Data listing:
--

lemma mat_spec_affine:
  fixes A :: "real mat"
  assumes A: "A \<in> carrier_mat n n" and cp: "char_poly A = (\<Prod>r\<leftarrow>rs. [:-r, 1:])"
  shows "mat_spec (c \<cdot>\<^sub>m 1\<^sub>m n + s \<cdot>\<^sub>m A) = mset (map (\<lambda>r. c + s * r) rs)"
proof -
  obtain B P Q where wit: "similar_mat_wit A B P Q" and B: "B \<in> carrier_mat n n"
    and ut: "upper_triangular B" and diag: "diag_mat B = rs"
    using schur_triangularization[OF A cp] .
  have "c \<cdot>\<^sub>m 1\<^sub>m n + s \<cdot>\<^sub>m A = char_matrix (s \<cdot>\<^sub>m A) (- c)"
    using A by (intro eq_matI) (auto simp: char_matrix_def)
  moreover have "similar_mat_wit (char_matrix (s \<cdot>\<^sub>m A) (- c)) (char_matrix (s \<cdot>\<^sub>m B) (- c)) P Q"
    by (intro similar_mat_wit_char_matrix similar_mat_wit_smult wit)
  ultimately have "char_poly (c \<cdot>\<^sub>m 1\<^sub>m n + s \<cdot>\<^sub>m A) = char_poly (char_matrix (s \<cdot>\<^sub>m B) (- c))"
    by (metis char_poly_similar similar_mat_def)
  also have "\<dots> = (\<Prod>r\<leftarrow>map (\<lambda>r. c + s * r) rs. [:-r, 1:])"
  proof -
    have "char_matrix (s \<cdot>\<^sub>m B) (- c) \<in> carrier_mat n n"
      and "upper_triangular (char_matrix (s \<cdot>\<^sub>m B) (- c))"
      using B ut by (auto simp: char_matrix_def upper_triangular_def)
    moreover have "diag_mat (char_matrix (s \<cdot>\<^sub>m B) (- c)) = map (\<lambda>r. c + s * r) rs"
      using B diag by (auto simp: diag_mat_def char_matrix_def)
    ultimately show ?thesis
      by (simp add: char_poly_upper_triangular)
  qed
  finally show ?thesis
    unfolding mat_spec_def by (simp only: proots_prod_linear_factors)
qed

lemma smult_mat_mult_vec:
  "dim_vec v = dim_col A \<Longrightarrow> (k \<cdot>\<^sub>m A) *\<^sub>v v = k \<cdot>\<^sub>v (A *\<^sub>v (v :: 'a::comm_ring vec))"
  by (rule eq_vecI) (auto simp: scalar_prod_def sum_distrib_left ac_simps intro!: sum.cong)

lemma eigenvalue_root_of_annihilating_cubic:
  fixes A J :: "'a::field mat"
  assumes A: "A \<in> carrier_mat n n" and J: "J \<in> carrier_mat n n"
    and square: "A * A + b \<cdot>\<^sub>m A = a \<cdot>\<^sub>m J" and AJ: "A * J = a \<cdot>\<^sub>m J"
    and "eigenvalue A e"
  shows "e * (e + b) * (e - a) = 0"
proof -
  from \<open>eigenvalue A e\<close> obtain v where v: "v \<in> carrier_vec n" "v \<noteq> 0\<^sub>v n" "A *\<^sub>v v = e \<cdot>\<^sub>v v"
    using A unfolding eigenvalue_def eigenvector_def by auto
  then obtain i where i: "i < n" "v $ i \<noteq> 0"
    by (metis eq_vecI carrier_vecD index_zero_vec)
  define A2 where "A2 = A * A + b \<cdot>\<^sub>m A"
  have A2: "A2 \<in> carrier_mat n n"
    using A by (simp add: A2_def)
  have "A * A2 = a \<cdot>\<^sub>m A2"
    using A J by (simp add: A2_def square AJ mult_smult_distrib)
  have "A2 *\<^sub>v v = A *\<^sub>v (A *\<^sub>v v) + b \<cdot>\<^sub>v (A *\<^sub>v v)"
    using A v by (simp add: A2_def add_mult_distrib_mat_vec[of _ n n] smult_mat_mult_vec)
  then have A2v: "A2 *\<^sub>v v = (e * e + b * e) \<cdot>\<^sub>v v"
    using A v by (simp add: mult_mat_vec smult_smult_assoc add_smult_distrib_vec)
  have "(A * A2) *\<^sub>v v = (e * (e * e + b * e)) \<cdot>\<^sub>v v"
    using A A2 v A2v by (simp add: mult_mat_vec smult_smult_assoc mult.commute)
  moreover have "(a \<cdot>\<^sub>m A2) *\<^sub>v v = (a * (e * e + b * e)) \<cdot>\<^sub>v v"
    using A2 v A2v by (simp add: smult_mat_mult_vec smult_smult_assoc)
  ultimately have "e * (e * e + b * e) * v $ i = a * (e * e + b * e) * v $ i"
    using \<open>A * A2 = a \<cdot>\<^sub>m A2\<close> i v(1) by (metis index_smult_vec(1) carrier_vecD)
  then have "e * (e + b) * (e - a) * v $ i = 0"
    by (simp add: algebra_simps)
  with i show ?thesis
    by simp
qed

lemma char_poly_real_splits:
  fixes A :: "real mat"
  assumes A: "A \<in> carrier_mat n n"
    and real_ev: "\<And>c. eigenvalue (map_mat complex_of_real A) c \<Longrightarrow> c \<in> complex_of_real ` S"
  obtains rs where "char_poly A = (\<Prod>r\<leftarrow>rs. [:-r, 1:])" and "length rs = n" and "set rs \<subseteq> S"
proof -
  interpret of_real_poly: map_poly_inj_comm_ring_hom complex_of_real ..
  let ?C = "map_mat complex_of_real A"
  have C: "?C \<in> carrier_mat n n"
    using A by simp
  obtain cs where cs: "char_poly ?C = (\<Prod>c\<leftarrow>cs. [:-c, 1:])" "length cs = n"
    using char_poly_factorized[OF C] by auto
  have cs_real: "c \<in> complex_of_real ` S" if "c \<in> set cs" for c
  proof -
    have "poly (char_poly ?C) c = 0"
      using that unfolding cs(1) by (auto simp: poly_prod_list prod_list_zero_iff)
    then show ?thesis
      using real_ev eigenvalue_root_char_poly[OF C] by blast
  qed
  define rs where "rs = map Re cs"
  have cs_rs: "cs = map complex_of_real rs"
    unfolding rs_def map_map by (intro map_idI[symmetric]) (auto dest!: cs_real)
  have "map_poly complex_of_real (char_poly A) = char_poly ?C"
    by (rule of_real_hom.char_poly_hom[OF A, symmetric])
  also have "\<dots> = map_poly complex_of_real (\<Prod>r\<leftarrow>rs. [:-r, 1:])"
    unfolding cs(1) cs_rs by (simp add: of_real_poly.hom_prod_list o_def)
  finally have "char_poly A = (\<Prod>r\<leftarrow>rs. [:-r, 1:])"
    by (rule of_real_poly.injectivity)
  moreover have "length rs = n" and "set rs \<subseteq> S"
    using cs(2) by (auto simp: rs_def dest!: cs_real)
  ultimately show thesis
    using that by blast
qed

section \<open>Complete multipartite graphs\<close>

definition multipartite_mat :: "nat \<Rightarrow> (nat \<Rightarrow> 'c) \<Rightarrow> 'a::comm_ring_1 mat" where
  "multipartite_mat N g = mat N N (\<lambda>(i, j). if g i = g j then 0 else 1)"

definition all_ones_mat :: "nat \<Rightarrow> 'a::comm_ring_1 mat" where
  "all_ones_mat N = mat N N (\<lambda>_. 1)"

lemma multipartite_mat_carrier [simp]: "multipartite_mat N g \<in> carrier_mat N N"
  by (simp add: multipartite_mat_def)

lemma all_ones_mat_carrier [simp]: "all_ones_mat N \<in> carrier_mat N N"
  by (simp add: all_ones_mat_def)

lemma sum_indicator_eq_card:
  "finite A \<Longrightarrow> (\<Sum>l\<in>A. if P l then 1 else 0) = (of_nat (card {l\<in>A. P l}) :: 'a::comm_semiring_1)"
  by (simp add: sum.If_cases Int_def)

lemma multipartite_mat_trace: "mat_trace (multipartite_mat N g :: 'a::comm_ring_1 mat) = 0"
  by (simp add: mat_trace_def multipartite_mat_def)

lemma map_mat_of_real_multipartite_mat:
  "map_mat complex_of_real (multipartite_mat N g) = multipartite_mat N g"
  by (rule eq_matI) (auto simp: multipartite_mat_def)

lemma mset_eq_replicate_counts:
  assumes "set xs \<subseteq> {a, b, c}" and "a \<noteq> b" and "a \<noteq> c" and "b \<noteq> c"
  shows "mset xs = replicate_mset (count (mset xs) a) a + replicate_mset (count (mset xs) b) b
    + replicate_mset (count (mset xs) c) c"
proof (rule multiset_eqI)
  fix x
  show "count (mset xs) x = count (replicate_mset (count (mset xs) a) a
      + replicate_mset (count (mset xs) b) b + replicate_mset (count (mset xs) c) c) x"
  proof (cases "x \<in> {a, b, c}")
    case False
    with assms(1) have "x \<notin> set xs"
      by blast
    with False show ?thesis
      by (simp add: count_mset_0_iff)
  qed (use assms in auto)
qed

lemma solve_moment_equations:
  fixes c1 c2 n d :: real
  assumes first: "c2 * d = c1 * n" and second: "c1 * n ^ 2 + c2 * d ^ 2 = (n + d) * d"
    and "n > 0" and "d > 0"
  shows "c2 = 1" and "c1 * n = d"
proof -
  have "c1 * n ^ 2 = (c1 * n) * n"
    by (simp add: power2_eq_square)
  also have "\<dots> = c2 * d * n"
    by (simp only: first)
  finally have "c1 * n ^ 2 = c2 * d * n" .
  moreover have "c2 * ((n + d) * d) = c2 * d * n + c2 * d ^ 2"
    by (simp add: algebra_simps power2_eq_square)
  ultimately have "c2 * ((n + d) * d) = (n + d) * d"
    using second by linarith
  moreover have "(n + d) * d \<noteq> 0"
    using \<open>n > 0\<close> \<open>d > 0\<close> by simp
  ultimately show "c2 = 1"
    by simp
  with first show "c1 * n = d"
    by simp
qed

--

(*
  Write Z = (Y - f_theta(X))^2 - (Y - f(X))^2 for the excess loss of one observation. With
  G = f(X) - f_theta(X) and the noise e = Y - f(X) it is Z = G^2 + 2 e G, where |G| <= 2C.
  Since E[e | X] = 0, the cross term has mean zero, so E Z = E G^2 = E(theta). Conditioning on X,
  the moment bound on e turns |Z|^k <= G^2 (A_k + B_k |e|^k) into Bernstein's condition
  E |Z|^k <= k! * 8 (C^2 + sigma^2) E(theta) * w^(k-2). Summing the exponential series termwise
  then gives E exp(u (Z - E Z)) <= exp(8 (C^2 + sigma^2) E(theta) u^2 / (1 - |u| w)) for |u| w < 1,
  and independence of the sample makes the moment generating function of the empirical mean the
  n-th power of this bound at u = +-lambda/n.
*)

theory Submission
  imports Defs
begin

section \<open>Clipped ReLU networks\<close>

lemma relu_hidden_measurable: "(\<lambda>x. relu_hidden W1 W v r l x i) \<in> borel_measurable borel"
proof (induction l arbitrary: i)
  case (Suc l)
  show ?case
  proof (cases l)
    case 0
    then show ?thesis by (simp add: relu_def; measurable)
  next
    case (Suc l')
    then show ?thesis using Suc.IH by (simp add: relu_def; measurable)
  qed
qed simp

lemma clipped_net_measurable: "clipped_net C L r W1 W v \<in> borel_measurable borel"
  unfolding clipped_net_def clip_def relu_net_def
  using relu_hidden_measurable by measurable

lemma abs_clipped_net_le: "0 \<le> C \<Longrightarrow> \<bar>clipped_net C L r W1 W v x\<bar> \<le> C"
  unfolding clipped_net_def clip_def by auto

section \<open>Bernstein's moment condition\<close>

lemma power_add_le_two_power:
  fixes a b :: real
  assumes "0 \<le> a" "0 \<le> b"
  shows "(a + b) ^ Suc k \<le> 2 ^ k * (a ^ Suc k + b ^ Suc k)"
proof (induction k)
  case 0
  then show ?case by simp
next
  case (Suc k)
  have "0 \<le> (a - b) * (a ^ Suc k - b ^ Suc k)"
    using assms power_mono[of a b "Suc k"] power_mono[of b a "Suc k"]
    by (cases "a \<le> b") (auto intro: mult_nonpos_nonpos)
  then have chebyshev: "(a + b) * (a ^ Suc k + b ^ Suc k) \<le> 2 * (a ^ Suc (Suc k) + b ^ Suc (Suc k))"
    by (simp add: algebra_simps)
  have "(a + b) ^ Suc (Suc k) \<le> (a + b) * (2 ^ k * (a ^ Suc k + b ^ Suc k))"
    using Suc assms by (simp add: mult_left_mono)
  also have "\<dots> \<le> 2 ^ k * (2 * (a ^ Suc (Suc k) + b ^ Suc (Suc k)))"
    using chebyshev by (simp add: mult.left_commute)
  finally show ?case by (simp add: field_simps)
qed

--

The output should be exactly the lines above from the line containing "by (simp add: count_mset_0_iff)" to the line containing "n ^ 2 = c2 * d", inclusive, with no other lines.

      by (simp add: count_mset_0_iff)
  qed (use assms in auto)
qed

lemma solve_moment_equations:
  fixes c1 c2 n d :: real
  assumes first: "c2 * d = c1 * n" and second: "c1 * n ^ 2 + c2 * d ^ 2 = (n + d) * d"
    and "n > 0" and "d > 0"
  shows "c2 = 1" and "c1 * n = d"
proof -
  have "c1 * n ^ 2 = (c1 * n) * n"
    by (simp add: power2_eq_square)
  also have "\<dots> = c2 * d * n"
    by (simp only: first)
  finally have "c1 * n ^ 2 = c2 * d * n" .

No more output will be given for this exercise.